Selected scales from NEO PI-R, Temperament and Character Inventory (TCI), and Behavioural Inhibition System/Behavioural Approach System (BIS/BAS) were classified into five broader personality factors: Determination, Punishment Sensitivity, Impulsivity, Sociability and Reward Responsiveness. Alcohol craving levels (state/global, pre-/in-treatment) were significantly correlated with some of these factor scores. One-month relapse risk after discharge was possibly negatively correlated with Sociability (p = 0.086). Subsequent cluster analysis on the alcoholic subjects by the five personality factor scores yielded three distinct clusters: (1) high Impulsivity, Punishment Sensitivity and Reward Responsiveness, with low Determination, (2) high Punishment Sensitivity, with low Sociability, Determination and Reward Responsiveness, and (3) high Determination, Sociability and Reward Responsiveness, with low Punishment Sensitivity and Impulsivity. Among these clusters, Cluster 1 had the highest percentage of early-onset subjects and the highest percentage of heavy drinking onset attribution to endogenous emotional instability and to excitement/fun seeking. Moreover, the longest abstinence ever maintained was significantly different among clusters (Log-rank test p = 0.027): shortest for Cluster 1, followed by Cluster 2, and longest for Cluster 3. However, as Cluster 1 subjects were youngest at recruitment, possible “maturing-out” effect of personality should be considered.

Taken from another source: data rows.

lemma interval_constant_if_graph_locally_constant:
  fixes f :: "real \<Rightarrow> real" and h :: "real \<Rightarrow> 'b"
  assumes "countable C"
    and cont: "\<And>x. x \<in> {a..b} - C \<Longrightarrow> isCont f x"
    and left: "\<And>x e. x \<in> {a..b} \<Longrightarrow> a < x \<Longrightarrow> e > 0 \<Longrightarrow> \<exists>\<^sub>F y in at_left x. dist (f y) (f x) < e"
    and right: "\<And>x e. x \<in> {a..b} \<Longrightarrow> x < b \<Longrightarrow> e > 0 \<Longrightarrow> \<exists>\<^sub>F y in at_right x. dist (f y) (f x) < e"
    and graph_local: "\<And>x. x \<in> {a..b} \<Longrightarrow> \<exists>\<epsilon>>0. \<forall>y\<in>{a..b}. dist (y, f y) (x, f x) < \<epsilon> \<longrightarrow> h y = h x"
    and "x \<in> {a..b}" "y \<in> {a..b}"
  shows "h x = h y"
proof (rule interval_constant_if_locally_constant_off_countable[where h = h, OF \<open>countable C\<close> _ _ _ assms(6,7)])
  show "\<forall>\<^sub>F y in at x within {a..b}. h y = h x" if x: "x \<in> {a..b} - C" for x
  proof -
    obtain \<epsilon> where "\<epsilon> > 0" and \<epsilon>: "\<forall>y\<in>{a..b}. dist (y, f y) (x, f x) < \<epsilon> \<longrightarrow> h y = h x"
      using graph_local x by blast
    have "isCont (\<lambda>y. (y, f y)) x"
      by (rule continuous_Pair[OF continuous_ident cont[OF x]])
    then have "((\<lambda>y. (y, f y)) \<longlongrightarrow> (x, f x)) (at x within {a..b})"
      using continuous_at_imp_continuous_at_within continuous_within by blast
    then have "\<forall>\<^sub>F y in at x within {a..b}. dist (y, f y) (x, f x) < \<epsilon>"
      using \<open>\<epsilon> > 0\<close> by (rule tendstoD)
    then show ?thesis
      unfolding eventually_at_filter by eventually_elim (use \<epsilon> in auto)
  qed
  have frequently_h: "\<exists>\<^sub>F y in F. h y = h x"
    if x: "x \<in> {a..b}" and ev: "\<And>e. e > 0 \<Longrightarrow> \<forall>\<^sub>F y in F. y \<in> {a..b} \<and> dist y x < e"
      and fr: "\<And>e. e > 0 \<Longrightarrow> \<exists>\<^sub>F y in F. dist (f y) (f x) < e" for F x
  proof -
    obtain \<epsilon> where "\<epsilon> > 0" and \<epsilon>: "\<forall>y\<in>{a..b}. dist (y, f y) (x, f x) < \<epsilon> \<longrightarrow> h y = h x"
      using graph_local x by blast
    have close: "dist (y, f y) (x, f x) < \<epsilon>" if "dist y x < \<epsilon>/2" "dist (f y) (f x) < \<epsilon>/2" for y
      unfolding dist_Pair_Pair using that by (intro sqrt_sum_squares_half_less) auto
    have "\<exists>\<^sub>F y in F. dist (f y) (f x) < \<epsilon>/2 \<and> y \<in> {a..b} \<and> dist y x < \<epsilon>/2"
      using \<open>\<epsilon> > 0\<close> by (intro frequently_eventually_frequently fr ev) auto
    then show ?thesis
      by (rule frequently_elim1) (use \<epsilon> close in blast)
  qed
  show "\<exists>\<^sub>F y in at_left x. h y = h x" if "x \<in> {a..b}" "a < x" for x
  proof (rule frequently_h[OF that(1) _ left[OF that]])
    show "\<forall>\<^sub>F y in at_left x. y \<in> {a..b} \<and> dist y x < e" if "e > 0" for e
      using eventually_at_left_real[of "max (x - e) a" x] \<open>e > 0\<close> \<open>x \<in> {a..b}\<close> \<open>a < x\<close>
      by (auto simp: dist_real_def elim!: eventually_mono)
  qed
  show "\<exists>\<^sub>F y in at_right x. h y = h x" if "x \<in> {a..b}" "x < b" for x
  proof (rule frequently_h[OF that(1) _ right[OF that]])
    show "\<forall>\<^sub>F y in at_right x. y \<in> {a..b} \<and> dist y x < e" if "e > 0" for e
      using eventually_at_right_real[of x "min (x + e) b"] \<open>e > 0\<close> \<open>x \<in> {a..b}\<close> \<open>x < b\<close>
      by (auto simp: dist_real_def elim!: eventually_mono)
  qed
qed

Using a case-control association study approach with additional cases from post-mortem brain tissues and another Brisbane study (total of 529 alcoholic cases and 381 controls), we observed significant differences in allele and/or genotypic frequencies between alcoholics and controls in candidate gene polymorphisms of COMT, RGS4, GABAA subunit gene cluster, SLC6A4, and LEPR, but they did not remain significant after permutation-based correction for multiple comparisons. Significant differences in haplotype frequency were found in RGS4 and GABAA subunit gene cluster SNPs, but the low frequencies of the potential risk haplotype should be noted. Subsequent logistic regression analysis showed ANKK1 TaqIA and RGS4 SNP7 might contribute to earlier drinking onset in females.
To conclude, this study has demonstrated the relationships between alcohol use history, craving, hormones, and personality traits in a cross-sectional sample of in-patient alcoholics. It has also exhibited the variability of alcoholic patients in terms of personality and craving levels, thus providing insights for personal treatment design that could maximize patients’ acceptance and responsivity. Moreover, our results also suggest that the ghrelin signalling pathway may be a plausible pharmacotherapeutic target as it may regulate the appraisal of rewarding values between alcohol and food during alcohol abstinence. Finally, ANKK1 and RGS4 SNPs may be associated with earlier drinking onset in females, but the phenotypes related require further investigations.